THE HUMAN FACTOR (Sony Pictures Classics) Oscar-nominated doc The Gatekeepers director Dror Moreh takes a look at the peace process between Israelis and Arabs over the past thirty years through the eyes of American mediators, spending time with all of the key players in the conflict trying to find a solution.
BROTHERS BY BLOOD (Vertical) Jérémie Guez’s revenge thriller, based on Pete Dexter’s novel, stars Joel Kinnaman as Peter Flood, who as an 8-year-old saw his little sister be killed in a reckless driving accident, for which his father sought violent revenge. 30 year later, he’s still trying to deal with his guilt and tries to distance himself from his family crime business and his cousin Michael (Matthias Schoenarts) who has been rising up in the business. In select theaters, and on VOD/Digital.
PG: PSYCHO GOREMAN (RLJfilms/Shudder) Steven Kostanski’s horror-comedy follows siblings Mimi and Luke (Nita-Josee Hanna, Owen Myre), who resurrect an ancient alien overlord who had been entombed million years ago, nicknaming the evil creature “Psycho Goreman” aka PG (Matthew Ninaber), using an amulet to make him obey their wishes. Soon, lots of PG’s friends and foes from across the galaxy realize he’s been released, and they come to Mimi and Luke’s town to resume their battle.  This will also be in select theaters, On Demand and digital.
BORN A CHAMPION (Lionsgate)  (NEW ADDITION!) Dennis Quaid and Sean Patrick Flanery (The Boondock Saints) star in this mixed martial arts film directed by Alex Ranarivelo (American Wrestler: The Wizard) that hits select theaters, digital, and On Demand today before being released on Blu-Ray and DVD on Tuesday, January 26. Flannery plays fighting legend Mickey Kelly, who lost a blood-soaked jujitsu match in Dubai only to learn many years later, that his opponent cheated, so he has to get in shape for a revenge match.

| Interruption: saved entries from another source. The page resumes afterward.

definition bob_amp :: "nat \<Rightarrow> nat \<Rightarrow> nat \<Rightarrow> int \<times> int \<Rightarrow> nat \<Rightarrow> complex" where
  "bob_amp p q k mn b = (if (int b - fst mn) mod int p = int (k mod p)
      then unit_root (p * q) ((snd mn - int (k div p)) * (int b - fst mn)) else 0)"

lemma bell_eq_if:
  assumes "b < d"
  shows "bell d mn c b = (if int c mod int d = (int b - fst mn) mod int d
      then complex_of_real (1 / sqrt (real d)) * unit_root d (snd mn * int c) else 0)"
proof -
  have "int b = int b mod int d" using assms by simp
  then have "int b = (int c + fst mn) mod int d \<longleftrightarrow> (int c + fst mn) mod int d = int b mod int d"
    by auto
  also have "\<dots> \<longleftrightarrow> int c mod int d = (int b - fst mn) mod int d"
    by (simp add: mod_eq_dvd_iff algebra_simps)
  finally show ?thesis by (simp add: bell_def unit_root_def mult.assoc)
qed

lemma alice_vec_bell_overlap:
  assumes "p > 0" "q > 0" "b < p * q"
  shows "(\<Sum>c<p * q. cnj (alice_vec p q k c) * bell (p * q) mn c b)
    = complex_of_real (1 / sqrt (real (p * q)) * (1 / sqrt (real q))) * bob_amp p q k mn b"
proof -
  define d where "d = p * q"
  have d0: "d > 0" using assms by (simp add: d_def)
  \<comment> \<open>the only Alice index c with X^m |c> = |b>\<close>
  define c0 where "c0 = nat ((int b - fst mn) mod int d)"
  have c0i: "int c0 = (int b - fst mn) mod int d" using d0 by (simp add: c0_def)
  have c0d: "c0 < d" using c0i d0 by (metis of_nat_less_iff pos_mod_bound of_nat_0_less_iff)
  have bd: "b < d" using assms(3) by (simp add: d_def)
  have hit: "int c = (int b - fst mn) mod int d \<longleftrightarrow> c = c0" for c
    by (simp flip: c0i)
  have "(\<Sum>c<d. cnj (alice_vec p q k c) * bell d mn c b)
      = (\<Sum>c<d. if c = c0 then cnj (alice_vec p q k c0)
           * (complex_of_real (1 / sqrt (real d)) * unit_root d (snd mn * int c0)) else 0)"
    by (intro sum.cong) (auto simp: bell_eq_if[OF bd] hit)
  also have "\<dots> = cnj (alice_vec p q k c0)
      * (complex_of_real (1 / sqrt (real d)) * unit_root d (snd mn * int c0))"
    using c0d by simp
  finally have sum_eq: "(\<Sum>c<d. cnj (alice_vec p q k c) * bell d mn c b) = \<dots>" .
  have "int (c0 mod p) = (int b - fst mn) mod int p"
    using c0i by (simp add: d_def of_nat_mod mod_mod_cancel)
  then have "c0 mod p = k mod p \<longleftrightarrow> (int b - fst mn) mod int p = int (k mod p)"
    by (metis of_nat_eq_iff)
  moreover have "unit_root d (snd mn * int c0) * unit_root d (- (int (k div p) * int c0))
      = unit_root d ((snd mn - int (k div p)) * (int b - fst mn))"
  proof -
    have "unit_root d (snd mn * int c0) * unit_root d (- (int (k div p) * int c0))
        = unit_root d ((snd mn - int (k div p)) * int c0)"
      by (simp add: unit_root_add[symmetric] algebra_simps)
    also have "\<dots> = unit_root d ((snd mn - int (k div p)) * (int b - fst mn))"
      using d0 c0i by (intro unit_root_cong) (auto simp: mod_mult_right_eq)
    finally show ?thesis .
  qed
  ultimately show ?thesis
    using sum_eq by (auto simp: alice_vec_def bob_amp_def unit_root_cnj d_def mult_ac)
qed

Digital/VOD/Virtual Cinema:
IDENTIFYING FEATURES (Kino Lorber)  (NEW ADDITION!) Having just won the Gotham Award for Best International Feature on Monday (after winning the audience and screenplay awards in the World Cinema category at Sundance last year), Fernanda Valadez’s Mexican border thriller will be released on Kino Marquee and via various virtual cinemas nationwide. It stars Mercedes Hernandez as middle-aged Magdalena, who has lost contact with her son after he’s left their town to cross the border into the U.S. to find work. She ends up following on an equally dangerous journey to find him while a young man named Miguel (David Illescas), recently deported back to Mexico crosses paths with her. 
ATLANTIS (Grasshopper) Ukraine’s Oscar selection is this film from Valentyn Vasyanovych  set in a desolate post-war Ukraine where former soldier Sergiy delivers the rare resource of water and volunteers his time to recover the dead bodies of fellow soldiers in hopes of healing. This will open exclusively in Metrograph’s Virtual Cinema system Friday.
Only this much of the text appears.